## WORK TASK
Go through the records, and copy each line in which the string "where" is present.

┏━━

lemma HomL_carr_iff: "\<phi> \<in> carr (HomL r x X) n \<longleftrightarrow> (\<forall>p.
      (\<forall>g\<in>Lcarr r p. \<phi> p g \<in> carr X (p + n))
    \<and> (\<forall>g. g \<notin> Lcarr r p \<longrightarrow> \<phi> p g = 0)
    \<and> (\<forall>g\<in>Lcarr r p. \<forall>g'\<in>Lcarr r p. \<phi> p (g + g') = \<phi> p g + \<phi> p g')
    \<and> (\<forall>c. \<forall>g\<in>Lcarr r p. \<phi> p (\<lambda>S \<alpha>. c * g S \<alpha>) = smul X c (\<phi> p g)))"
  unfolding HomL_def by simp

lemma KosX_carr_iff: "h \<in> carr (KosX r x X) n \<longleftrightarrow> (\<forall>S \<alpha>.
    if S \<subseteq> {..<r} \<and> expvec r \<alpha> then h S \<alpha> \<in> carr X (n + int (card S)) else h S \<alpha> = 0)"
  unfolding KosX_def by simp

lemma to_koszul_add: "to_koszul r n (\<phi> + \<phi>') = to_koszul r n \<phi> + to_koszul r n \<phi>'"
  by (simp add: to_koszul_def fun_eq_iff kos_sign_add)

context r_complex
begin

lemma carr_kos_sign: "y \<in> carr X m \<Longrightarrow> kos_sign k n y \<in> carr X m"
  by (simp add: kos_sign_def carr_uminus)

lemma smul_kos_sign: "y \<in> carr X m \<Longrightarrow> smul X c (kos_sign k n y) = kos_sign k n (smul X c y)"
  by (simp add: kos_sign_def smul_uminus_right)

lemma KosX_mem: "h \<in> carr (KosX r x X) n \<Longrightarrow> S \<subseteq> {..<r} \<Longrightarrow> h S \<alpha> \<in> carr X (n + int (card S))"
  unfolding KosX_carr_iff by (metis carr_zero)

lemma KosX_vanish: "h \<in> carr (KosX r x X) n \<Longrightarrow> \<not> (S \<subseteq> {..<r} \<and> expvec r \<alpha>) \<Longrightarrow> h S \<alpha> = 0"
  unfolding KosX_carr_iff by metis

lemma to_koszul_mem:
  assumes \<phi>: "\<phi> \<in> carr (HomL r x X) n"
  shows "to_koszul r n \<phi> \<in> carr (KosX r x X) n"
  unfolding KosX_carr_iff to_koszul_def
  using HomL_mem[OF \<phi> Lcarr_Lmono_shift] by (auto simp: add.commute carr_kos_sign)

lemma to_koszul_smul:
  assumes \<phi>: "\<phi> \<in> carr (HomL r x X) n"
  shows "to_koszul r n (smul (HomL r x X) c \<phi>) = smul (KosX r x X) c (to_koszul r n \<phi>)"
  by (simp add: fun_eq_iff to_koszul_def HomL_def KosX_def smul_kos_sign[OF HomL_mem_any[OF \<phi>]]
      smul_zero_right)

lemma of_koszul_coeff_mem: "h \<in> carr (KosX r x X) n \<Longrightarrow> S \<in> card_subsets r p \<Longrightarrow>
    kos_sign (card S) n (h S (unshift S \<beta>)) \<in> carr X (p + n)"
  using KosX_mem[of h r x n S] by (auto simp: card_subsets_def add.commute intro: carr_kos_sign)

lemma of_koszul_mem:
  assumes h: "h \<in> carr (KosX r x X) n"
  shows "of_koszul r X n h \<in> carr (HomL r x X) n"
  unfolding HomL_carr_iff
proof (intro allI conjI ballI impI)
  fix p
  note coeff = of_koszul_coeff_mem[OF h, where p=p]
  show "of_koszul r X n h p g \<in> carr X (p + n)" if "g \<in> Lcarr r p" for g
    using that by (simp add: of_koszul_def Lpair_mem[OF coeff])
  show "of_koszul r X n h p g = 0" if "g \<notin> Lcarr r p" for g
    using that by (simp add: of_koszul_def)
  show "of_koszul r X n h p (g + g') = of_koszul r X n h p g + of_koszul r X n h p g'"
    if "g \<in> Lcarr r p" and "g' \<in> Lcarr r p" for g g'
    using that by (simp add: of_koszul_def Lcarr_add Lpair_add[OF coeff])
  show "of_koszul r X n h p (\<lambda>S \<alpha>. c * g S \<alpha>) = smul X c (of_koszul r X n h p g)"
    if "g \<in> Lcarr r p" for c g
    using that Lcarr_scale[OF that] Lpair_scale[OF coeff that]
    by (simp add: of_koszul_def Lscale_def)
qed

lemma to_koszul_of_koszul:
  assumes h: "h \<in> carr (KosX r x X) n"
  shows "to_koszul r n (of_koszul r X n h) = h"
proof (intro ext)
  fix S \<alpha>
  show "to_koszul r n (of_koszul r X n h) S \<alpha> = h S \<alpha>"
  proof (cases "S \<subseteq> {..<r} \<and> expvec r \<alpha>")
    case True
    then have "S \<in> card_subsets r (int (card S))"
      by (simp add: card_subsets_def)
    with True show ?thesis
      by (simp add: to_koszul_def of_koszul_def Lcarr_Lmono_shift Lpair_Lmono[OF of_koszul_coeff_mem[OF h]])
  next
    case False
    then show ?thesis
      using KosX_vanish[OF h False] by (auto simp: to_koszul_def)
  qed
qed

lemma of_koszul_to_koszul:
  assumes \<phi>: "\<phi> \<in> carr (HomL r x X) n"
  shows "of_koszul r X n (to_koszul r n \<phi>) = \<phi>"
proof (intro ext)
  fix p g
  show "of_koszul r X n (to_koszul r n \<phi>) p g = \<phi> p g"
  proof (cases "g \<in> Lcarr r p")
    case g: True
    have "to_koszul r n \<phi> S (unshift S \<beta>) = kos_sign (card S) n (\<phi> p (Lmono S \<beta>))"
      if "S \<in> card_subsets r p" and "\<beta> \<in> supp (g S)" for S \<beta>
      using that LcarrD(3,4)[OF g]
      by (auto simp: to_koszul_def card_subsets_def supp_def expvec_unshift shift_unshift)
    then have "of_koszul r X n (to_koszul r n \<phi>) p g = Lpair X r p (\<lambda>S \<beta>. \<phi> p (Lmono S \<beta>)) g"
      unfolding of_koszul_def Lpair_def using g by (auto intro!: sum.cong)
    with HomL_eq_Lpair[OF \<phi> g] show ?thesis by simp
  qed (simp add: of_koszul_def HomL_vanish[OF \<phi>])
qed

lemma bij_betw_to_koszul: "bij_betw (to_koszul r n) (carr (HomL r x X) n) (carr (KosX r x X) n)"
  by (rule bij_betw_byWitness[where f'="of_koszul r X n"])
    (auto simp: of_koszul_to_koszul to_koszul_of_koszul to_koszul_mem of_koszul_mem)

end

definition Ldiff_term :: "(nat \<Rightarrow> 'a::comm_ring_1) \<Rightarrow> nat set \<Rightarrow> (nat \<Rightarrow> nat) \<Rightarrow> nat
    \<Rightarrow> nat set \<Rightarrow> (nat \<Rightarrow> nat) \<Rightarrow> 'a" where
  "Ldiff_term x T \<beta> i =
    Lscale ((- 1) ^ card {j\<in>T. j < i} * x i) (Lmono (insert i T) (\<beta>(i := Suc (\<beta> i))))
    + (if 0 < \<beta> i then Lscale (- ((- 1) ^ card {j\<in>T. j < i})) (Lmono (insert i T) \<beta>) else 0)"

┗━━

## WRITTEN ANSWER
  note coeff = of_koszul_coeff_mem[OF h, where p=p]
  by (rule bij_betw_byWitness[where f'="of_koszul r X n"])
    \<Rightarrow> nat set \<Rightarrow> (nat \<Rightarrow> nat) \<Rightarrow> 'a" where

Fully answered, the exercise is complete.